Migrating scripts from Framework Mode to Script Mode
This notebook focuses on how to migrate scripts using Framework Mode to Script Mode.
Set up the environment
[ ]:
import os
import subprocess
import sagemaker
from sagemaker import get_execution_role
sagemaker_session = sagemaker.Session()
role = get_execution_role()
Download the MNIST dataset
[ ]:
import utils
from tensorflow.examples.tutorials.mnist import input_data
import tensorflow as tf
data_sets = input_data.read_data_sets("data", dtype=tf.uint8, reshape=False, validation_size=5000)
utils.convert_to(data_sets.train, "train", "data")
utils.convert_to(data_sets.validation, "validation", "data")
utils.convert_to(data_sets.test, "test", "data")
Upload the data
We use the sagemaker.Session.upload_data
function to upload our datasets to an S3 location. The return value inputs identifies the location – we will use this later when we start the training job.
[ ]:
inputs = sagemaker_session.upload_data(path="data", key_prefix="data/mnist")
Construct an entry point script for training
On this example, we assume that you aready have a Framework Mode training script named mnist.py
:
[ ]:
!pygmentize 'mnist.py'
The training script mnist.py
include the Framework Mode functions model_fn
, train_input_fn
, eval_input_fn
, and serving_input_fn
. We need to create a entrypoint script that uses the functions above to create a tf.estimator
:
[ ]:
%%writefile train.py
import argparse
# import original framework mode script
import mnist
import tensorflow as tf
if __name__ == "__main__":
parser = argparse.ArgumentParser()
# read hyperparameters as script arguments
parser.add_argument("--training_steps", type=int)
parser.add_argument("--evaluation_steps", type=int)
args, _ = parser.parse_known_args()
# creates a tf.Estimator using `model_fn` that saves models to /opt/ml/model
estimator = tf.estimator.Estimator(model_fn=mnist.model_fn, model_dir="/opt/ml/model")
# creates parameterless input_fn function required by the estimator
def input_fn():
return mnist.train_input_fn(training_dir="/opt/ml/input/data/training", params=None)
train_spec = tf.estimator.TrainSpec(input_fn, max_steps=args.training_steps)
# creates parameterless serving_input_receiver_fn function required by the exporter
def serving_input_receiver_fn():
return mnist.serving_input_fn(params=None)
exporter = tf.estimator.LatestExporter(
"Servo", serving_input_receiver_fn=serving_input_receiver_fn
)
# creates parameterless input_fn function required by the evaluation
def input_fn():
return mnist.eval_input_fn(training_dir="/opt/ml/input/data/training", params=None)

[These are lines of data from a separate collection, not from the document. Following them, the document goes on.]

(* Abstract description of the Galois-theoretic data:
   G = G_{Q_p}, H = G_{Q_{p^2}} (index 2), I = inertia subgroup,
   Fr = the fixed geometric Frobenius lift, om2 = \<omega>_2 (a character of H),
   mu \<lambda> = \<mu>_{2,\<lambda>} (unramified character of H with Fr^2 \<mapsto> \<lambda>). *)
definition galois_datum ::
  "nat \<Rightarrow> ('g, 'b) monoid_scheme \<Rightarrow> 'g set \<Rightarrow> 'g set \<Rightarrow> 'g \<Rightarrow>
   ('g \<Rightarrow> 'k::field) \<Rightarrow> ('k \<Rightarrow> 'g \<Rightarrow> 'k) \<Rightarrow> bool" where
  "galois_datum p G H I Fr om2 mu \<longleftrightarrow>
     group G \<and> subgroup H G \<and> subgroup I G \<and> I \<subseteq> H \<and>
     Fr \<in> carrier G \<and> Fr \<notin> H \<and>
     (\<forall>x\<in>carrier G. x \<notin> H \<longrightarrow> x \<otimes>\<^bsub>G\<^esub> inv\<^bsub>G\<^esub> Fr \<in> H) \<and>
     (\<forall>x\<in>carrier G. \<forall>i\<in>I. x \<otimes>\<^bsub>G\<^esub> i \<otimes>\<^bsub>G\<^esub> inv\<^bsub>G\<^esub> x \<in> I) \<and>
     \<comment> \<open>omega_2\<close>
     (\<forall>h\<in>H. \<forall>k\<in>H. om2 (h \<otimes>\<^bsub>G\<^esub> k) = om2 h * om2 k) \<and>
     (\<forall>h\<in>H. om2 h ^ (p\<^sup>2 - 1) = 1) \<and>
     om2 ` I = {z. z ^ (p\<^sup>2 - 1) = 1} \<and>
     om2 (Fr \<otimes>\<^bsub>G\<^esub> Fr) = 1 \<and>
     (\<forall>h\<in>H. om2 (Fr \<otimes>\<^bsub>G\<^esub> h \<otimes>\<^bsub>G\<^esub> inv\<^bsub>G\<^esub> Fr) = om2 h ^ p) \<and>
     \<comment> \<open>unramified characters mu_{2,lambda}\<close>
     (\<forall>l. l \<noteq> 0 \<longrightarrow>
        (\<forall>h\<in>H. \<forall>k\<in>H. mu l (h \<otimes>\<^bsub>G\<^esub> k) = mu l h * mu l k) \<and>
        (\<forall>i\<in>I. mu l i = 1) \<and>
        mu l (Fr \<otimes>\<^bsub>G\<^esub> Fr) = l \<and>
        (\<forall>h\<in>H. mu l (Fr \<otimes>\<^bsub>G\<^esub> h \<otimes>\<^bsub>G\<^esub> inv\<^bsub>G\<^esub> Fr) = mu l h)) \<and>
     (\<forall>l l'. l \<noteq> 0 \<longrightarrow> l' \<noteq> 0 \<longrightarrow> (\<forall>h\<in>H. mu (l * l') h = mu l h * mu l' h))"

definition psi ::
  "nat \<Rightarrow> ('g, 'b) monoid_scheme \<Rightarrow> 'g set \<Rightarrow> 'g \<Rightarrow> ('g \<Rightarrow> 'k::field) \<Rightarrow>
   ('k \<Rightarrow> 'g \<Rightarrow> 'k) \<Rightarrow> nat \<Rightarrow> 'k \<Rightarrow> 'g \<Rightarrow> (('k^2^2) \<times> 'g)" where
  "psi p G H Fr om2 mu r l \<sigma> =
     (let psiH = (\<lambda>h. (diag2 (mu (inverse l) h * om2 h ^ r)
                              (mu l h * inverse (om2 h) ^ (p * r)), h))
      in if \<sigma> \<in> H then psiH \<sigma>
         else Lmult G H (psiH (\<sigma> \<otimes>\<^bsub>G\<^esub> inv\<^bsub>G\<^esub> Fr)) (diag2 1 l, Fr))"

definition L_equivalent ::
  "('g, 'b) monoid_scheme \<Rightarrow> 'g set \<Rightarrow> ('g \<Rightarrow> ('k::field^2^2) \<times> 'g) \<Rightarrow>
   ('g \<Rightarrow> ('k^2^2) \<times> 'g) \<Rightarrow> bool" where
  "L_equivalent G H f f' \<longleftrightarrow>
     (\<exists>g::'k^2^2. invertible g \<and>
        (\<forall>\<sigma>\<in>carrier G. Lmult G H (Lmult G H (g, \<one>\<^bsub>G\<^esub>) (f \<sigma>)) (matrix_inv g, \<one>\<^bsub>G\<^esub>) = f' \<sigma>))"

end

theory Submission
  imports Defs
begin

text \<open>
  On the index-two subgroup H = G_{Q_{p^2}} the parameter \<psi>_{r,\<lambda>} is diagonal, with entries the
  characters \<chi>1 = \<mu>_{\<lambda>^{-1}} \<omega>_2^r and \<chi>2 = \<mu>_\<lambda> \<omega>_2^{-pr}. A matrix conjugating one diagonal family
  into another is diagonal or antidiagonal, so an equivalence matches the characters either in
  order or swapped. On inertia \<omega>_2 runs through all (p^2-1)-th roots of unity, which are
  distinct because p does not divide p^2-1; this recovers r modulo p^2-1, and evaluating at
  Fr^2 recovers \<lambda>. Conversely, the swap is realised by the antidiagonal matrix with entries c,
  where c^2 = -\<lambda>^{-1} absorbs the sign coming from \<Phi>_2 on the Frobenius coset.
\<close>

definition mat2 :: "'k::field \<Rightarrow> 'k \<Rightarrow> 'k \<Rightarrow> 'k \<Rightarrow> 'k^2^2" where
  "mat2 a b c d = (\<chi> i j. if i = 1 then (if j = 1 then a else b) else (if j = 1 then c else d))"

lemma mat2_nth [simp]:
  "mat2 a b c d $ 1 $ 1 = a" "mat2 a b c d $ 1 $ 2 = b"
  "mat2 a b c d $ 2 $ 1 = c" "mat2 a b c d $ 2 $ 2 = d"
  by (simp_all add: mat2_def)

lemma mat2_eq_iff: "mat2 a b c d = mat2 a' b' c' d' \<longleftrightarrow> a = a' \<and> b = b' \<and> c = c' \<and> d = d'"
  unfolding mat2_def vec_eq_iff forall_2 by simp

lemma mat2_cases: obtains a b c d where "(M::'k::field^2^2) = mat2 a b c d"
proof
  show "M = mat2 (M$1$1) (M$1$2) (M$2$1) (M$2$2)"
    unfolding mat2_def vec_eq_iff forall_2 by simp
qed

lemma mat2_mult:
  "mat2 a b c d ** mat2 a' b' c' d' =
     mat2 (a*a' + b*c') (a*b' + b*d') (c*a' + d*c') (c*b' + d*d')"
  unfolding matrix_matrix_mult_def mat2_def by (simp add: vec_eq_iff sum_2 forall_2)

lemma diag2_eq_mat2: "diag2 a b = mat2 a 0 0 b"
  unfolding diag2_def mat2_def by (simp add: vec_eq_iff forall_2)

lemma Phi2_eq_mat2: "Phi2 = mat2 0 1 (-1) 0"
  unfolding Phi2_def mat2_def by (simp add: vec_eq_iff forall_2)

lemma mat1_eq_mat2: "mat 1 = mat2 1 0 0 1"
  unfolding mat_def mat2_def by (simp add: vec_eq_iff forall_2)

lemma transpose_mat2: "transpose (mat2 a b c d) = mat2 a c b d"
  unfolding transpose_def mat2_def by (simp add: vec_eq_iff forall_2)

lemma det_mat2: "det (mat2 a b c d) = a * d - b * c"
  by (simp add: det_2)

lemma matrix_inv_left:
  fixes A :: "'k::field^'n^'n"
  assumes "invertible A"
  shows "matrix_inv A ** A = mat 1"
proof -
  have "\<exists>A'. A ** A' = mat 1 \<and> A' ** A = mat 1"
    using assms by (simp add: invertible_def)
  then have "A ** matrix_inv A = mat 1 \<and> matrix_inv A ** A = mat 1"
    unfolding matrix_inv_def by (rule someI_ex)
  then show ?thesis ..
qed

lemma matrix_inv_unique:
  fixes A :: "'k::field^'n^'n"
  assumes "A ** B = mat 1"
  shows "matrix_inv A = B"
proof -
  have "B ** A = mat 1"
    using assms matrix_left_right_inverse by blast
  then have inv: "invertible A"
    using assms invertible_def by blast
  have "matrix_inv A = matrix_inv A ** (A ** B)"
    by (simp add: assms matrix_mul_rid)
  also have "\<dots> = B"
    by (simp add: matrix_mul_assoc matrix_inv_left[OF inv] matrix_mul_lid)
  finally show ?thesis .
qed

lemma matrix_inv_mat1: "matrix_inv (mat 1 :: 'k::field^'n^'n) = mat 1"
  by (rule matrix_inv_unique) (simp add: matrix_mul_lid)

lemma matrix_inv_antidiag2:
  "(c::'k::field) \<noteq> 0 \<Longrightarrow> matrix_inv (mat2 0 c c 0) = mat2 0 (inverse c) (inverse c) 0"
  by (rule matrix_inv_unique) (simp add: mat2_mult mat1_eq_mat2)

lemma matrix_inv_Phi2: "matrix_inv (Phi2 :: 'k::field^2^2) = mat2 0 (-1) 1 0"
  by (rule matrix_inv_unique) (simp add: Phi2_eq_mat2 mat2_mult mat1_eq_mat2)

lemma invertible_conj_diag2_cases:
  fixes g :: "'k::field^2^2"
  assumes "invertible g"
    and conj: "\<forall>h\<in>S. g ** diag2 (a h) (b h) ** matrix_inv g = diag2 (a' h) (b' h)"
  shows "(\<forall>h\<in>S. a' h = a h \<and> b' h = b h) \<or> (\<forall>h\<in>S. a' h = b h \<and> b' h = a h)"
proof -
  obtain x y u v where g: "g = mat2 x y u v"
    using mat2_cases by blast
  have "x * v - y * u \<noteq> 0"
    using assms(1) by (simp add: invertible_det_nz g det_mat2)
  then have nondeg: "(x \<noteq> 0 \<and> v \<noteq> 0) \<or> (y \<noteq> 0 \<and> u \<noteq> 0)"
    by auto
  have "mat2 (x * a h) (y * b h) (u * a h) (v * b h) = mat2 (a' h * x) (a' h * y) (b' h * u) (b' h * v)"
    if "h \<in> S" for h
  proof -
    have "g ** diag2 (a h) (b h) = g ** diag2 (a h) (b h) ** matrix_inv g ** g"
      by (simp add: matrix_mul_assoc[symmetric] matrix_inv_left[OF assms(1)] matrix_mul_rid)
    also have "\<dots> = diag2 (a' h) (b' h) ** g"
      using conj that by simp
    finally show ?thesis
      by (simp add: g diag2_eq_mat2 mat2_mult)
  qed
  then show ?thesis
    using nondeg by (auto simp: mat2_eq_iff)
qed

lemma antidiag2_conj_diag2:
  "(c::'k::field) \<noteq> 0 \<Longrightarrow> mat2 0 c c 0 ** diag2 a b ** matrix_inv (mat2 0 c c 0) = diag2 b a"
  by (simp add: matrix_inv_antidiag2 diag2_eq_mat2 mat2_mult mat2_eq_iff)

eval_spec = tf.estimator.EvalSpec(input_fn, steps=args.evaluation_steps, exporters=exporter)
# start training and evaluation
tf.estimator.train_and_evaluate(estimator=estimator, train_spec=train_spec, eval_spec=eval_spec)
Changes in the SageMaker TensorFlow estimator
We need to create a TensorFlow estimator pointing to train.py
as the entrypoint:
[ ]:
from sagemaker.tensorflow import TensorFlow
mnist_estimator = TensorFlow(
entry_point="train.py",
dependencies=["mnist.py"],
role=role,
framework_version="1.15.2",
hyperparameters={"training_steps": 10, "evaluation_steps": 10},
py_version="py3",
train_instance_count=1,
train_instance_type="local",
)
mnist_estimator.fit(inputs)
Deploy the trained model to prepare for predictions
The deploy() method creates an endpoint (in this case locally) which serves prediction requests in real-time.
[ ]:
mnist_predictor = mnist_estimator.deploy(initial_instance_count=1, instance_type="local")
Invoking the endpoint
[ ]:
import numpy as np
from tensorflow.examples.tutorials.mnist import input_data
mnist = input_data.read_data_sets("/tmp/data/", one_hot=True)
for i in range(10):
data = mnist.test.images[i].tolist()
predict_response = mnist_predictor.predict(data)
print("========================================")
label = np.argmax(mnist.test.labels[i])
print("label is {}".format(label))
print("prediction is {}".format(predict_response))
Clean-up
Deleting the local endpoint when you’re finished is important since you can only run one local endpoint at a time.
[ ]:
mnist_estimator.delete_endpoint()